I have a HDF5 file with several Datasets in Groups and sub-Groups. I want to get the Path to a specific Group or Dataset by its name.
A good way to do it is shown in the HDF5 Documentation: https://docs.h5py.org/en/stable/high/group.html
with h5py.File('File.hdf5','r') as hf:
def find_Name (hf):
if 'Name' in hf:
return hf
hf.visit(find_Name)
>>>'Group/subGroup/Name'
The Problem with the solution is, that I can not change the "Name" of the Dataset/Group with each call of hf.visit(find_Name)
How can I define a new String, the function is searching for, with every call?
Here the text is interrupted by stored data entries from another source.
(* Let $v=[q;w_1,\ldots,w_n]$ be a WVG, $i$ a player, and $S\subseteq N\setminus\{i\}$ a coalition. Then $\phi_i(v)\le\phi_{\&(\{i\}\cup S)}(v_{\&(\{i\}\cup S)})\le 1$; that is, annexation never decreases a player's Shapley–Shubik index.
   Context: A weighted voting game (WVG) $v=[q;w_1,\ldots,w_n]$ has player set $N=\{1,\ldots,n\}$, nonnegative weights $w_j$ and quota $q$ with $0<q\le \sum_j w_j$; $v(X)=1$ if $\sum_{j\in X}w_j\ge q$ and $0$ otherwise. The Shapley–Shubik index of player $j$ in a game with player set $M$, $|M|=m$, is $\phi_j=\frac{1}{m!}\sum_{X\subseteq M,\,j\in X}(|X|-1)!\,(m-|X|)!\,(v(X)-v(X\setminus\{j\}))$. For $T\subseteq N$, the merged game $v_{\&T}$ is the WVG with the same quota on player set $(N\setminus T)\cup\{\&T\}$, where players outside $T$ keep their weights and $\&T$ has weight $\sum_{j\in T}w_j$. *)

theory Defs
  imports Complex_Main
begin

definition wvg :: "real \<Rightarrow> ('a \<Rightarrow> real) \<Rightarrow> 'a set \<Rightarrow> real" where
  "wvg q w X = (if sum w X \<ge> q then 1 else 0)"

definition shapley :: "'a set \<Rightarrow> ('a set \<Rightarrow> real) \<Rightarrow> 'a \<Rightarrow> real" where
  "shapley M v j = (1 / fact (card M)) *
     (\<Sum>X\<in>{X. X \<subseteq> M \<and> j \<in> X}.
        fact (card X - 1) * fact (card M - card X) * (v X - v (X - {j})))"

text \<open>Merged game: players outside T are represented by Some j (keeping weight w j),
  the merged player &T is represented by None with weight the total weight of T.\<close>
definition merged_players :: "'a set \<Rightarrow> 'a set \<Rightarrow> 'a option set" where
  "merged_players N T = Some ` (N - T) \<union> {None}"

definition merged_weight :: "('a \<Rightarrow> real) \<Rightarrow> 'a set \<Rightarrow> 'a option \<Rightarrow> real" where
  "merged_weight w T p = (case p of None \<Rightarrow> sum w T | Some j \<Rightarrow> w j)"

end

theory Submission
  imports Defs
begin

(* Write the index of player j in marginal form: a sum over the coalitions X not
   containing j of the weight  ss_weight |M| |X| = |X|! (|M|-|X|-1)! / |M|!  times the
   marginal contribution v(X + j) - v(X).  These weights obey a Pascal-type
   recurrence, which yields the key identity: summing the weights ss_weight (m+|S|) (y+|Z|)
   over all Z \<subseteq> S gives ss_weight m y.  For the player set N, T = {i} + S and
   A = N - T, split every coalition avoiding i as Y + Z with Y \<subseteq> A, Z \<subseteq> S.  By
   monotonicity of the game each marginal contribution v(Y+Z+i) - v(Y+Z) is at most
   v(Y+T) - v(Y); collapsing the Z-sum with the key identity bounds the index of i by
   the sum over Y \<subseteq> A of ss_weight (|A|+1) |Y| (v(Y+T) - v(Y)), which is exactly the
   index of the merged player in the merged weighted voting game.  The bound by 1 is
   the key identity for S = M - {j} together with 0 \<le> v \<le> 1. *)

text \<open>Weight of a coalition of size k (not containing the player) in an n-player game.\<close>
definition ss_weight :: "nat \<Rightarrow> nat \<Rightarrow> real" where
  "ss_weight n k = fact k * fact (n - k - 1) / fact n"

lemma ss_weight_nonneg: "ss_weight n k \<ge> 0"
  unfolding ss_weight_def by simp

lemma ss_weight_split:
  assumes "k < n"
  shows "ss_weight (Suc n) k + ss_weight (Suc n) (Suc k) = ss_weight n k"
proof -
  obtain d where n: "n = Suc (k + d)" using assms less_imp_Suc_add by blast
  have "ss_weight (Suc n) k + ss_weight (Suc n) (Suc k)
        = fact k * fact (Suc d) / fact (Suc n) + fact (Suc k) * fact d / fact (Suc n)"
    unfolding ss_weight_def n by simp
  also have "\<dots> = fact k * fact d * real (Suc n) / (real (Suc n) * fact n)"
    using n by (simp add: fact_Suc algebra_simps add_divide_distrib)
  also have "\<dots> = ss_weight n k"
    unfolding ss_weight_def n by simp
  finally show ?thesis .
qed

lemma sum_Pow_Un:
  assumes "finite A" "finite B" "A \<inter> B = {}"
  shows "(\<Sum>X\<in>Pow (A \<union> B). h X) = (\<Sum>Y\<in>Pow A. \<Sum>Z\<in>Pow B. h (Y \<union> Z))"
proof -
  let ?u = "\<lambda>(Y, Z). Y \<union> Z"
  have inj: "inj_on ?u (Pow A \<times> Pow B)"
  proof (rule inj_onI, clarsimp)
    fix Y Z Y' Z'
    assume "Y \<subseteq> A" "Z \<subseteq> B" "Y' \<subseteq> A" "Z' \<subseteq> B" and eq: "Y \<union> Z = Y' \<union> Z'"
    then have "Y = (Y \<union> Z) \<inter> A" "Z = (Y \<union> Z) \<inter> B" "Y' = (Y' \<union> Z') \<inter> A" "Z' = (Y' \<union> Z') \<inter> B"
      using assms(3) by auto
    then show "Y = Y' \<and> Z = Z'" using eq by metis
  qed
  have "Pow (A \<union> B) = ?u ` (Pow A \<times> Pow B)"
  proof
    show "Pow (A \<union> B) \<subseteq> ?u ` (Pow A \<times> Pow B)"
    proof
      fix X assume "X \<in> Pow (A \<union> B)"
      then have "X = ?u (X \<inter> A, X \<inter> B)" "(X \<inter> A, X \<inter> B) \<in> Pow A \<times> Pow B" by auto
      then show "X \<in> ?u ` (Pow A \<times> Pow B)" by (rule image_eqI)
    qed
  qed blast
  then have "(\<Sum>X\<in>Pow (A \<union> B). h X) = (\<Sum>p\<in>Pow A \<times> Pow B. h (?u p))"
    by (simp add: sum.reindex[OF inj] del: Pow_iff)
  also have "\<dots> = (\<Sum>Y\<in>Pow A. \<Sum>Z\<in>Pow B. h (Y \<union> Z))"
    by (simp add: sum.cartesian_product split_def)
  finally show ?thesis .
qed

lemma ss_weight_sum_Pow:
  assumes "finite S" "y < m"
  shows "(\<Sum>Z\<in>Pow S. ss_weight (m + card S) (y + card Z)) = ss_weight m y"
  using assms(1)
proof (induction S rule: finite_induct)
  case empty
  then show ?case by simp
next
  case (insert a S)
  let ?n = "m + card S"
  have "(\<Sum>Z\<in>Pow (insert a S). ss_weight (m + card (insert a S)) (y + card Z))
      = (\<Sum>Z\<in>Pow S. \<Sum>W\<in>Pow {a}. ss_weight (Suc ?n) (y + card (Z \<union> W)))"
    using insert.hyps sum_Pow_Un[of S "{a}"] by simp
  also have "\<dots> = (\<Sum>Z\<in>Pow S. ss_weight (Suc ?n) (y + card Z) + ss_weight (Suc ?n) (Suc (y + card Z)))"
  proof (rule sum.cong)
    fix Z assume "Z \<in> Pow S"
    then have "finite Z" "a \<notin> Z" using insert.hyps by (auto intro: finite_subset)
    then show "(\<Sum>W\<in>Pow {a}. ss_weight (Suc ?n) (y + card (Z \<union> W)))
             = ss_weight (Suc ?n) (y + card Z) + ss_weight (Suc ?n) (Suc (y + card Z))"
      by (simp add: Pow_insert)
  qed simp
  also have "\<dots> = (\<Sum>Z\<in>Pow S. ss_weight ?n (y + card Z))"
  proof (rule sum.cong)
    fix Z assume "Z \<in> Pow S"
    then have "card Z \<le> card S" using insert.hyps by (intro card_mono) auto
    then show "ss_weight (Suc ?n) (y + card Z) + ss_weight (Suc ?n) (Suc (y + card Z))
             = ss_weight ?n (y + card Z)"
      using assms(2) by (intro ss_weight_split) simp
  qed simp
  also have "\<dots> = ss_weight m y" by (rule insert.IH)
  finally show ?case .
qed

lemma shapley_marginal_form:
  assumes "finite M" "j \<in> M"
  shows "shapley M v j = (\<Sum>X\<in>Pow (M - {j}). ss_weight (card M) (card X) * (v (insert j X) - v X))"
proof -
  have inj: "inj_on (insert j) (Pow (M - {j}))"
    by (rule inj_onI) (metis Diff_insert_absorb PowD insert_Diff_single subset_Diff_insert)
  have coalitions: "{X. X \<subseteq> M \<and> j \<in> X} = insert j ` Pow (M - {j})"
  proof
    show "{X. X \<subseteq> M \<and> j \<in> X} \<subseteq> insert j ` Pow (M - {j})"
    proof
      fix X assume "X \<in> {X. X \<subseteq> M \<and> j \<in> X}"
      then have "X = insert j (X - {j})" "X - {j} \<in> Pow (M - {j})" by auto
      then show "X \<in> insert j ` Pow (M - {j})" by (rule image_eqI)
    qed
  qed (use assms in auto)
  have "shapley M v j = (\<Sum>X\<in>Pow (M - {j}). 1 / fact (card M) *
        (fact (card (insert j X) - 1) * fact (card M - card (insert j X)) * (v (insert j X) - v (insert j X - {j}))))"
    unfolding shapley_def coalitions by (simp add: sum.reindex[OF inj] sum_distrib_left)
  also have "\<dots> = (\<Sum>X\<in>Pow (M - {j}). ss_weight (card M) (card X) * (v (insert j X) - v X))"
  proof (rule sum.cong)
    fix X assume X: "X \<in> Pow (M - {j})"
    then have "finite X" "j \<notin> X" "insert j X - {j} = X"
      using assms(1) by (auto intro: finite_subset)
    then show "1 / fact (card M) * (fact (card (insert j X) - 1) * fact (card M - card (insert j X))
                 * (v (insert j X) - v (insert j X - {j})))
             = ss_weight (card M) (card X) * (v (insert j X) - v X)"
      unfolding ss_weight_def by simp
  qed simp
  finally show ?thesis .
qed

text \<open>For a game with values in [0,1] the index is at most 1, since the weights sum to 1.\<close>
lemma shapley_le_one:
  assumes "finite M" "j \<in> M" and bounded: "\<And>X. 0 \<le> v X \<and> v X \<le> 1"
  shows "shapley M v j \<le> 1"
proof -
  have card_M: "card M = 1 + card (M - {j})"
    using assms(1,2) card_Suc_Diff1 by fastforce
  have "shapley M v j = (\<Sum>X\<in>Pow (M - {j}). ss_weight (card M) (card X) * (v (insert j X) - v X))"
    using assms(1,2) by (rule shapley_marginal_form)
  also have "\<dots> \<le> (\<Sum>X\<in>Pow (M - {j}). ss_weight (1 + card (M - {j})) (0 + card X))"
  proof (rule sum_mono)
    fix X
    have "v (insert j X) - v X \<le> 1" using bounded[of "insert j X"] bounded[of X] by simp
    then show "ss_weight (card M) (card X) * (v (insert j X) - v X) \<le> ss_weight (1 + card (M - {j})) (0 + card X)"
      using ss_weight_nonneg[of "card M" "card X"] card_M by (simp add: mult_left_le)
  qed
  also have "\<dots> = ss_weight 1 0"
    using assms(1) by (intro ss_weight_sum_Pow) auto
  also have "\<dots> = 1" by (simp add: ss_weight_def)
  finally show ?thesis .
qed

lemma shapley_le_annexation_sum:
  fixes v :: "'a set \<Rightarrow> real"
  assumes "finite N" "i \<in> N" "S \<subseteq> N - {i}"
    and mono: "\<And>X Y. X \<subseteq> Y \<Longrightarrow> Y \<subseteq> N \<Longrightarrow> v X \<le> v Y"
  defines "T \<equiv> insert i S"
  shows "shapley N v i
         \<le> (\<Sum>Y\<in>Pow (N - T). ss_weight (card (N - T) + 1) (card Y) * (v (Y \<union> T) - v Y))"
proof -
  define A where "A = N - T"
  have fin: "finite A" "finite S" using assms(1,3) unfolding A_def by (auto intro: finite_subset)
  have split: "N - {i} = A \<union> S" "A \<inter> S = {}" using assms(2,3) unfolding A_def T_def by auto
  have card_N: "card N = (card A + 1) + card S"
  proof -
    have "N = A \<union> T" "A \<inter> T = {}" "card T = card S + 1"
      using assms(2,3) fin unfolding A_def T_def by (auto simp: card_insert_if)
    then show ?thesis using fin assms(1) by (simp add: card_Un_disjoint)
  qed
  have "shapley N v i = (\<Sum>X\<in>Pow (A \<union> S). ss_weight (card N) (card X) * (v (insert i X) - v X))"
    using shapley_marginal_form[OF assms(1,2)] split by simp
  also have "\<dots> = (\<Sum>Y\<in>Pow A. \<Sum>Z\<in>Pow S.
                    ss_weight (card N) (card (Y \<union> Z)) * (v (insert i (Y \<union> Z)) - v (Y \<union> Z)))"
    using fin split by (intro sum_Pow_Un) auto
  also have "\<dots> \<le> (\<Sum>Y\<in>Pow A. \<Sum>Z\<in>Pow S.
                    ss_weight ((card A + 1) + card S) (card Y + card Z) * (v (Y \<union> T) - v Y))"
  proof (intro sum_mono)
    fix Y Z assume Y: "Y \<in> Pow A" and Z: "Z \<in> Pow S"
    have "Y \<inter> Z = {}" "finite Y" "finite Z" using Y Z split fin by (auto intro: finite_subset)
    then have card_YZ: "card (Y \<union> Z) = card Y + card Z" by (simp add: card_Un_disjoint)
    have "v (insert i (Y \<union> Z)) \<le> v (Y \<union> T)" "v Y \<le> v (Y \<union> Z)"
      using Y Z assms(2,3) unfolding A_def T_def by (auto intro!: mono)
    then show "ss_weight (card N) (card (Y \<union> Z)) * (v (insert i (Y \<union> Z)) - v (Y \<union> Z))
             \<le> ss_weight ((card A + 1) + card S) (card Y + card Z) * (v (Y \<union> T) - v Y)"
      unfolding card_YZ card_N by (intro mult_left_mono) (auto simp: ss_weight_nonneg)
  qed
  also have "\<dots> = (\<Sum>Y\<in>Pow A. ss_weight (card A + 1) (card Y) * (v (Y \<union> T) - v Y))"
  proof (rule sum.cong)
    fix Y assume "Y \<in> Pow A"
    then have "card Y < card A + 1" using fin by (simp add: card_mono le_imp_less_Suc)
    then show "(\<Sum>Z\<in>Pow S. ss_weight ((card A + 1) + card S) (card Y + card Z) * (v (Y \<union> T) - v Y))
             = ss_weight (card A + 1) (card Y) * (v (Y \<union> T) - v Y)"
      using ss_weight_sum_Pow[OF fin(2), of "card Y" "card A + 1"] by (simp add: sum_distrib_right[symmetric])
  qed simp
  finally show ?thesis unfolding A_def .
qed

lemma wvg_mono:
  assumes "finite Y" "X \<subseteq> Y" "\<forall>j\<in>Y. w j \<ge> 0"
  shows "wvg q w X \<le> wvg q w Y"
proof -
  have "sum w X \<le> sum w Y" using assms by (intro sum_mono2) auto
  then show ?thesis unfolding wvg_def by auto
qed

lemma shapley_merged_player:
  assumes "finite N" "finite T"
  shows "shapley (merged_players N T) (wvg q (merged_weight w T)) None
         = (\<Sum>Y\<in>Pow (N - T). ss_weight (card (N - T) + 1) (card Y) * (wvg q w (Y \<union> T) - wvg q w Y))"
proof -
  define A where "A = N - T"
  let ?M = "merged_players N T"
  let ?w' = "merged_weight w T"
  have fin_A: "finite A" using assms(1) unfolding A_def by simp
  have players: "?M - {None} = Some ` A" "finite ?M" "None \<in> ?M" "card ?M = card A + 1"
    using fin_A unfolding merged_players_def A_def by (auto simp: card_image)
  have inj: "inj_on (image Some) (Pow A)" by (rule inj_on_image_Pow) simp
  have "shapley ?M (wvg q ?w') None
        = (\<Sum>X\<in>Pow (Some ` A). ss_weight (card A + 1) (card X) * (wvg q ?w' (insert None X) - wvg q ?w' X))"
    using shapley_marginal_form[OF players(2,3)] players(1,4) by simp
  also have "\<dots> = (\<Sum>Y\<in>Pow A. ss_weight (card A + 1) (card (Some ` Y))
                    * (wvg q ?w' (insert None (Some ` Y)) - wvg q ?w' (Some ` Y)))"
    unfolding image_Pow_surj[OF refl, symmetric] by (simp add: sum.reindex[OF inj])
  also have "\<dots> = (\<Sum>Y\<in>Pow A. ss_weight (card A + 1) (card Y) * (wvg q w (Y \<union> T) - wvg q w Y))"
  proof (rule sum.cong)
    fix Y assume Y: "Y \<in> Pow A"
    then have fin_Y: "finite Y" using fin_A by (auto intro: finite_subset)
    have weight: "sum ?w' (Some ` Y) = sum w Y"
      by (simp add: sum.reindex merged_weight_def)
    moreover have "Y \<inter> T = {}" using Y unfolding A_def by auto
    ultimately have "sum ?w' (insert None (Some ` Y)) = sum w (Y \<union> T)"
      using fin_Y assms(2) by (simp add: merged_weight_def sum.union_disjoint)
    then show "ss_weight (card A + 1) (card (Some ` Y)) * (wvg q ?w' (insert None (Some ` Y)) - wvg q ?w' (Some ` Y))
             = ss_weight (card A + 1) (card Y) * (wvg q w (Y \<union> T) - wvg q w Y)"
      unfolding wvg_def weight by (simp add: card_image)
  qed simp
  finally show ?thesis unfolding A_def .
qed

theorem mainTheorem15:
  fixes n :: nat and q :: real and w :: "nat \<Rightarrow> real" and i :: nat and S :: "nat set"
  assumes "\<forall>j\<in>{1..n}. w j \<ge> 0"
    and "0 < q" and "q \<le> sum w {1..n}"
    and "i \<in> {1..n}"
    and "S \<subseteq> {1..n} - {i}"
  shows "shapley {1..n} (wvg q w) i
           \<le> shapley (merged_players {1..n} (insert i S))
                     (wvg q (merged_weight w (insert i S))) None
       \<and> shapley (merged_players {1..n} (insert i S))
                 (wvg q (merged_weight w (insert i S))) None \<le> 1"
proof
  let ?T = "insert i S"
  have fin_T: "finite ?T" using assms(5) finite_subset by auto
  have mono: "wvg q w X \<le> wvg q w Y" if "X \<subseteq> Y" "Y \<subseteq> {1..n}" for X Y
    using that assms(1) by (intro wvg_mono) (auto intro: finite_subset)
  show "shapley {1..n} (wvg q w) i
        \<le> shapley (merged_players {1..n} ?T) (wvg q (merged_weight w ?T)) None"
    unfolding shapley_merged_player[OF finite_atLeastAtMost fin_T]
    using shapley_le_annexation_sum[OF finite_atLeastAtMost assms(4,5) mono] by simp
  show "shapley (merged_players {1..n} ?T) (wvg q (merged_weight w ?T)) None \<le> 1"
    by (rule shapley_le_one) (auto simp: merged_players_def wvg_def)
qed

end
The following did not work:
with h5py.File('File.hdf5','r') as hf:
def find_Name (hf,Name):
if Name in hf:
return hf
Name = 'NameOfDataset'
hf.visit(find_Name(hf,Name))
Thank you for your support!
Your second attempt fails because the h5py visitor functions (.visit()
and .visititems()
) don't support additional keywords. (In other words, you can't add Name
to the function's argument list.) However, creating a function to mimic their recursive behavior isn't complicated -- you just need to recursively call the same function to descend into any groups you find. (PyTables has functions that support this...but I will save that for a different answer if you are interested.) Take a look at this code:
with h5py.File('File.hdf5','r') as hf:
def check_Name(Name,grp,prefix=''):
for obj_name, obj in grp.items():
path = f'{prefix}/{obj_name}'
if Name == obj_name:
return path
elif isinstance(obj, h5py.Group): # test for group (go down)
gpath = check_Name(Name, obj, path)
if gpath:
return gpath
Name = 'Name'
path = check_Name(Name,hf)
if path:
print(f'{Name} Found: {path}')
else:
print(f'{Name} not Found')
Name = 'NameOfDataset'
path = check_Name(Name,hf)
if path:
print(f'{Name} Found: {path}')
else:
print(f'{Name} not Found')
Output for your schema is:
Name Found: /Group/subGroup/Name
NameOfDataset not Found
Note: This only returns the first occurrence of the input Name
. You will need to convert to a generator function if you need to find multiple occurrences. (FYI, using .visit()
has the same limitation -- it exits on the return.)